Torenia (Torenia fournieri L.) cultivar Crown Blue and White was used as the plant material in the present work. In vitro cultures of Torenia were grown in glass bottles containing 30 mL of a half-strength Murashige and Skoog medium (1/2 MS) solidified with 0.8% (w/v) agar at pH 5.8, under a 16 h light and 8 h dark photoperiod at 25 °C (Figure 2A). The Agrobacterium-mediated transformation of Torenia was carried out according to the transformation method [27]. Briefly, leaf segments from 4-week-old in vitro Torenia plants were cut into 0.5 cm× 0.5 cm pieces and infected in the Agrobacterium suspension for 10 min at 28 °C. The leaf explants were then properly dried on sterilized filter paper and transferred to a 1/2 MS medium containing 1 mg L−1 6-benzylaminopurine (6-BA) and 100 µg L−1 1-naphthaleneacetic acid (NAA) for co-cultivation in darkness at 28 °C for 7 days. After co-cultivation, the infected explants were washed twice with sterile water and finally in a liquid MS medium containing 200 mg L−1 cefotaxime for 15 min to eliminate Agrobacterium. Then, they were transferred to the 1/2 MS medium supplemented with 1 mg L−1 BA, 100 µg L−1 NAA, 200 mg L−1 cefotaxime, and 100 mg L−1 kanamycin for the selection of transformants. The selection medium was changed every 2 weeks, and after 6 weeks, resistant shoots were transferred to a 1/2 MS medium containing 200 µg L−1 IBA, 200 mg L−1 cefotaxime, and 100 mg L−1 kanamycin for elongation and rooting. The rooted plantlets were individually transplanted into a plastic pot (12 cm in diameter) containing peat moss and maintained at 25 °C under a 16/8 h light/dark cycle with 65% humidity in the greenhouse for further analysis.

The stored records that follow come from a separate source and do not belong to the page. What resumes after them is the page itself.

(* Let $n\ge2$ and let $Q$ be the $n\times n$ anti-comonotone checkerboard copula, i.e. $Q_{ij}=\frac1n$ if $i+j=n+1$ and $Q_{ij}=0$ otherwise. Then for every $n\times n$ checkerboard copula $P$ there exist nonnegative real numbers $a_{ij}$ ($i,j=1,\dots,n-1$) such that $$P=Q+\sum_{i=1}^{n-1}\sum_{j=1}^{n-1}a_{ij}T^{ij}.$$
   Context: An $n\times n$ checkerboard copula is a real $n\times n$ matrix with nonnegative entries whose row and column sums all equal $\frac1n$. For $i,j\in\{1,\dots,n-1\}$, $T^{ij}=\mathbf{e}_i\mathbf{e}_j^\top+\mathbf{e}_{i+1}\mathbf{e}_{j+1}^\top-\mathbf{e}_i\mathbf{e}_{j+1}^\top-\mathbf{e}_{i+1}\mathbf{e}_j^\top$, where $\mathbf{e}_k$ is the $k$-th standard unit column vector of $\mathbb{R}^n$. *)

theory Defs
  imports Complex_Main
begin

text \<open>n x n matrices are represented as functions nat => nat => real, with
  1-based indices i, j in {1..n}; entries outside this range are irrelevant.\<close>

definition checkerboard_copula :: "nat \<Rightarrow> (nat \<Rightarrow> nat \<Rightarrow> real) \<Rightarrow> bool" where
  "checkerboard_copula n P \<longleftrightarrow>
     (\<forall>i\<in>{1..n}. \<forall>j\<in>{1..n}. P i j \<ge> 0) \<and>
     (\<forall>i\<in>{1..n}. (\<Sum>j=1..n. P i j) = 1 / real n) \<and>
     (\<forall>j\<in>{1..n}. (\<Sum>i=1..n. P i j) = 1 / real n)"

definition unit_mat :: "nat \<Rightarrow> nat \<Rightarrow> nat \<Rightarrow> nat \<Rightarrow> real" where
  "unit_mat k l = (\<lambda>r c. if r = k \<and> c = l then 1 else 0)"

definition T_mat :: "nat \<Rightarrow> nat \<Rightarrow> nat \<Rightarrow> nat \<Rightarrow> real" where
  "T_mat i j = (\<lambda>r c. unit_mat i j r c + unit_mat (i+1) (j+1) r c
                     - unit_mat i (j+1) r c - unit_mat (i+1) j r c)"

definition anti_comonotone :: "nat \<Rightarrow> nat \<Rightarrow> nat \<Rightarrow> real" where
  "anti_comonotone n = (\<lambda>i j. if i + j = n + 1 then 1 / real n else 0)"

end

theory Submission
  imports Defs
begin

text \<open>Take as coefficients the rectangle sums a i j = \<Sum>r\<le>i. \<Sum>c\<le>j. (P - Q) r c of the
  difference P - Q. Every matrix is the second difference of its rectangle sums, and
  a T-combination \<Sum> a i j T^ij evaluates at (r, c) to exactly that second difference of a,
  provided a vanishes on the boundary i, j \<in> {0, n}. It does, because P and Q have the same
  row and column sums. Nonnegativity of a is the Frechet lower bound: the P-mass of the
  rectangle {1..i} \<times> {1..j} is at least max 0 ((i + j - n) / n), which is the Q-mass.\<close>

definition rect_sum :: "(nat \<Rightarrow> nat \<Rightarrow> real) \<Rightarrow> nat \<Rightarrow> nat \<Rightarrow> real" where
  "rect_sum M i j = (\<Sum>r=1..i. \<Sum>c=1..j. M r c)"

lemma rect_sum_0_left [simp]: "rect_sum M 0 j = 0"
  and rect_sum_0_right [simp]: "rect_sum M i 0 = 0"
  by (simp_all add: rect_sum_def)

lemma rect_sum_diff:
  "rect_sum (\<lambda>r c. M r c - N r c) i j = rect_sum M i j - rect_sum N i j"
  by (simp add: rect_sum_def sum_subtractf)

lemma rect_sum_second_difference:
  assumes "r \<ge> 1" "c \<ge> 1"
  shows "M r c = rect_sum M r c - rect_sum M (r - 1) c - rect_sum M r (c - 1)
                 + rect_sum M (r - 1) (c - 1)"
proof -
  obtain r' c' where "r = Suc r'" "c = Suc c'"
    using assms by (cases r; cases c) auto
  then show ?thesis by (simp add: rect_sum_def sum.distrib)
qed

lemma sum_split_at:
  assumes "j \<le> n"
  shows "(\<Sum>c=1..n. f c) = (\<Sum>c=1..j. f c) + (\<Sum>c=Suc j..n. f c :: 'a :: comm_monoid_add)"
  using sum.ub_add_nat[of 1 j f "n - j"] assms by simp

lemma rect_sum_full_cols:
  assumes "checkerboard_copula n P" "i \<le> n"
  shows "rect_sum P i n = real i / real n"
proof -
  have "rect_sum P i n = (\<Sum>r=1..i. 1 / real n)"
    using assms unfolding rect_sum_def checkerboard_copula_def by (intro sum.cong) auto
  then show ?thesis by simp
qed

lemma rect_sum_full_rows:
  assumes "checkerboard_copula n P" "j \<le> n"
  shows "rect_sum P n j = real j / real n"
proof -
  have "rect_sum P n j = (\<Sum>c=1..j. \<Sum>r=1..n. P r c)"
    unfolding rect_sum_def by (rule sum.swap)
  also have "\<dots> = (\<Sum>c=1..j. 1 / real n)"
    using assms unfolding checkerboard_copula_def by (intro sum.cong) auto
  finally show ?thesis by simp
qed

lemma sum_anti_comonotone_row:
  assumes "r \<in> {1..n}" "j \<le> n"
  shows "(\<Sum>c=1..j. anti_comonotone n r c) = (if n + 1 - r \<le> j then 1 / real n else 0)"
proof -
  have "(\<Sum>c=1..j. anti_comonotone n r c)
      = (\<Sum>c\<in>{1..j}. if c = n + 1 - r then 1 / real n else 0)"
    using assms by (intro sum.cong) (auto simp: anti_comonotone_def)
  also have "\<dots> = (if n + 1 - r \<in> {1..j} then 1 / real n else 0)"
    by (simp only: sum.delta[OF finite_atLeastAtMost])
  finally show ?thesis using assms by auto
qed

text \<open>The subtraction i + j - n is truncated, so the right-hand side is max 0 (i + j - n) / n.\<close>

lemma rect_sum_anti_comonotone:
  assumes "i \<le> n" "j \<le> n"
  shows "rect_sum (anti_comonotone n) i j = real (i + j - n) / real n"
proof -
  have "rect_sum (anti_comonotone n) i j
      = (\<Sum>r\<in>{1..i}. if n + 1 - r \<le> j then 1 / real n else 0)"
    unfolding rect_sum_def using assms by (intro sum.cong refl sum_anti_comonotone_row) auto
  also have "\<dots> = (\<Sum>r\<in>{r\<in>{1..i}. n + 1 - r \<le> j}. 1 / real n)"
    by (subst sum.inter_filter) auto
  also have "{r\<in>{1..i}. n + 1 - r \<le> j} = {n + 1 - j..i}"
    using assms by auto
  also have "(\<Sum>r\<in>{n + 1 - j..i}. 1 / real n) = real (i + j - n) / real n"
    using assms by simp
  finally show ?thesis .
qed

lemma rect_sum_ge_anti_comonotone:
  assumes P: "checkerboard_copula n P" and "i \<le> n" "j \<le> n"
  shows "rect_sum (anti_comonotone n) i j \<le> rect_sum P i j"
proof -
  have nonneg: "\<And>r c. r \<in> {1..n} \<Longrightarrow> c \<in> {1..n} \<Longrightarrow> P r c \<ge> 0"
    using P unfolding checkerboard_copula_def by auto
  have "rect_sum P i j \<ge> 0"
    unfolding rect_sum_def using assms nonneg by (intro sum_nonneg) auto
  have rest: "(\<Sum>r=1..i. \<Sum>c=Suc j..n. P r c) \<le> real (n - j) / real n"
  proof -
    have "(\<Sum>r=1..i. \<Sum>c=Suc j..n. P r c) \<le> (\<Sum>r=1..n. \<Sum>c=Suc j..n. P r c)"
      using assms nonneg by (intro sum_mono2) (auto intro!: sum_nonneg)
    also have "\<dots> = (\<Sum>c=Suc j..n. \<Sum>r=1..n. P r c)"
      by (rule sum.swap)
    also have "\<dots> = (\<Sum>c=Suc j..n. 1 / real n)"
      using P unfolding checkerboard_copula_def by (intro sum.cong) auto
    finally show ?thesis by simp
  qed
  have "rect_sum P i n = rect_sum P i j + (\<Sum>r=1..i. \<Sum>c=Suc j..n. P r c)"
    by (simp only: rect_sum_def sum_split_at[OF \<open>j \<le> n\<close>] sum.distrib)
  then have "rect_sum P i j \<ge> (real i - real (n - j)) / real n"
    using rest rect_sum_full_cols[OF P \<open>i \<le> n\<close>]
      diff_divide_distrib[of "real i" "real (n - j)" "real n"]
    by linarith
  moreover have "real (i + j - n) = max 0 (real i - real (n - j))"
    using \<open>j \<le> n\<close> by linarith
  ultimately show ?thesis
    using \<open>rect_sum P i j \<ge> 0\<close> rect_sum_anti_comonotone[OF \<open>i \<le> n\<close> \<open>j \<le> n\<close>]
    by (auto simp: max_def)
qed

lemma sum_sum_delta:
  assumes "finite S" "finite T"
  shows "(\<Sum>i\<in>S. \<Sum>j\<in>T. F i j * (if i = x \<and> j = y then 1 else 0))
       = (if x \<in> S \<and> y \<in> T then F x y else (0 :: 'a :: semiring_1))"
proof -
  have "(\<Sum>i\<in>S. \<Sum>j\<in>T. F i j * (if i = x \<and> j = y then 1 else 0))
      = (\<Sum>i\<in>S. if i = x then (\<Sum>j\<in>T. if j = y then F x j else 0) else 0)"
    by (intro sum.cong) (auto intro!: sum.cong)
  then show ?thesis using assms by (simp add: sum.delta')
qed

lemma T_mat_as_deltas:
  assumes "r \<ge> 1" "c \<ge> 1"
  shows "T_mat i j r c = (if i = r \<and> j = c then 1 else 0) + (if i = r - 1 \<and> j = c - 1 then 1 else 0)
                       - (if i = r \<and> j = c - 1 then 1 else 0) - (if i = r - 1 \<and> j = c then 1 else 0)"
proof -
  have "(r = i + 1) = (i = r - 1)" "(c = j + 1) = (j = c - 1)"
    using assms by auto
  then show ?thesis
    by (simp add: T_mat_def unit_mat_def eq_commute[of r i] eq_commute[of c j])
qed

lemma sum_T_mat_second_difference:
  assumes boundary: "\<And>k. k \<le> n \<Longrightarrow> F 0 k = 0 \<and> F k 0 = 0 \<and> F n k = 0 \<and> F k n = 0"
    and "r \<in> {1..n}" "c \<in> {1..n}"
  shows "(\<Sum>i=1..n-1. \<Sum>j=1..n-1. F i j * T_mat i j r c)
       = F r c - F (r - 1) c - F r (c - 1) + F (r - 1) (c - 1)"
proof -
  let ?I = "{1..n-1}"
  have interior: "(if x \<in> ?I \<and> y \<in> ?I then F x y else 0) = F x y" if "x \<le> n" "y \<le> n" for x y
    using that boundary[of x] boundary[of y] by (cases "x = 0 \<or> x = n \<or> y = 0 \<or> y = n") auto
  have "r \<ge> 1" "c \<ge> 1" "r \<le> n" "c \<le> n" "r - 1 \<le> n" "c - 1 \<le> n"
    using assms by auto
  have "(\<Sum>i\<in>?I. \<Sum>j\<in>?I. F i j * T_mat i j r c)
      = (\<Sum>i\<in>?I. \<Sum>j\<in>?I. F i j * (if i = r \<and> j = c then 1 else 0))
      + (\<Sum>i\<in>?I. \<Sum>j\<in>?I. F i j * (if i = r - 1 \<and> j = c - 1 then 1 else 0))
      - (\<Sum>i\<in>?I. \<Sum>j\<in>?I. F i j * (if i = r \<and> j = c - 1 then 1 else 0))
      - (\<Sum>i\<in>?I. \<Sum>j\<in>?I. F i j * (if i = r - 1 \<and> j = c then 1 else 0))"
    by (simp only: T_mat_as_deltas[OF \<open>r \<ge> 1\<close> \<open>c \<ge> 1\<close>] distrib_left right_diff_distrib
        sum.distrib sum_subtractf)
  also have "\<dots> = F r c + F (r - 1) (c - 1) - F r (c - 1) - F (r - 1) c"
    using \<open>r \<le> n\<close> \<open>c \<le> n\<close> \<open>r - 1 \<le> n\<close> \<open>c - 1 \<le> n\<close>
    by (simp only: sum_sum_delta finite_atLeastAtMost interior)
  finally show ?thesis by simp
qed

theorem lemma9:
  fixes n :: nat and P :: "nat \<Rightarrow> nat \<Rightarrow> real"
  assumes "n \<ge> 2" and "checkerboard_copula n P"
  shows "\<exists>a :: nat \<Rightarrow> nat \<Rightarrow> real.
           (\<forall>i\<in>{1..n-1}. \<forall>j\<in>{1..n-1}. a i j \<ge> 0) \<and>
           (\<forall>r\<in>{1..n}. \<forall>c\<in>{1..n}.
              P r c = anti_comonotone n r c + (\<Sum>i=1..n-1. \<Sum>j=1..n-1. a i j * T_mat i j r c))"
proof -
  define D where "D = (\<lambda>r c. P r c - anti_comonotone n r c)"
  define a where "a = rect_sum D"
  have a_eq: "a i j = rect_sum P i j - rect_sum (anti_comonotone n) i j" for i j
    by (simp add: a_def D_def rect_sum_diff)
  have boundary: "a 0 k = 0 \<and> a k 0 = 0 \<and> a n k = 0 \<and> a k n = 0" if "k \<le> n" for k
    using that assms(2)
    by (simp add: a_eq rect_sum_full_rows rect_sum_full_cols rect_sum_anti_comonotone)
  show ?thesis
  proof (intro exI[of _ a] conjI ballI)
    fix i j assume "i \<in> {1..n-1}" "j \<in> {1..n-1}"
    then have "i \<le> n" "j \<le> n" by auto
    then show "a i j \<ge> 0"
      using rect_sum_ge_anti_comonotone[OF assms(2)] by (simp add: a_eq)
  next
    fix r c assume "r \<in> {1..n}" "c \<in> {1..n}"
    then have "D r c = (\<Sum>i=1..n-1. \<Sum>j=1..n-1. a i j * T_mat i j r c)"
      using rect_sum_second_difference[of r c D] sum_T_mat_second_difference[OF boundary]
      by (simp add: a_def)
    then show "P r c = anti_comonotone n r c + (\<Sum>i=1..n-1. \<Sum>j=1..n-1. a i j * T_mat i j r c)"
      by (simp add: D_def)
  qed
qed

end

4.3. Genomic DNA Extraction and PCR Screening

Genomic DNA was extracted from young leaves of kanamycin-resistant and wild-type plants using the Cetyl Trimethyl Ammonium Bromide (CTAB) method [70]. The presence of Cry1Ab in the putative transgenic plants was confirmed by PCR amplification [29]. Two specific primers, Cry1Ab-F2 and Cry1Ab-R2 (Table S1), were designed for the amplification of the 424 bp fragment of Cry1Ab. PCR amplification was carried out with a total volume of a 20 µL mixture containing a 1 µL DNA template, 10 µL Premix Taq (TaKaRa Biotechnology (Dalian) Co., Ltd.), 0.5 µL of each of the primers (10 µM), and 8 µL deionized PCR water. The PCR cycle program was as follows: initial denaturation for 3 min at 94 °C, followed by 34 cycles of denaturation at 94 °C for 30 s, annealing at 55 °C, and extension at 72 °C for 1 min, followed by a final 5 min extension at 72 °C. The plasmid pBI121-Cry1Ab was used as a positive control. The amplified products were separated by electrophoresis on 1% (w/v) agarose gel and visualized under ultraviolet light after staining with ethidium bromide.

4.4. Southern Blot

Genomic DNA from PCR-positive transgenic lines and wild-type plants was used for Southern blot analysis. Approximately 20 µg of genomic DNA per sample was digested with the HindIII restriction enzyme at 37 °C overnight, separated on 1% (w/v) agarose gel at 60 V for 5 h, and then transferred to a positively charged nylon membrane. A 752 bp PCR amplified fragment of Cry1Ab (using specific primers Cry1Ab-F3 and Cry1Ab-R3, Table S1) was labeled with DIG-dUTP as a probe with DIG High Prime DNA Labeling and Detection Starter Kit II (Roche, Mannheim, Germany) according to the manufacturer’s instruction. The membrane was hybridized with a DIG-labeled Cry1Ab probe following the manufacturer’s protocol.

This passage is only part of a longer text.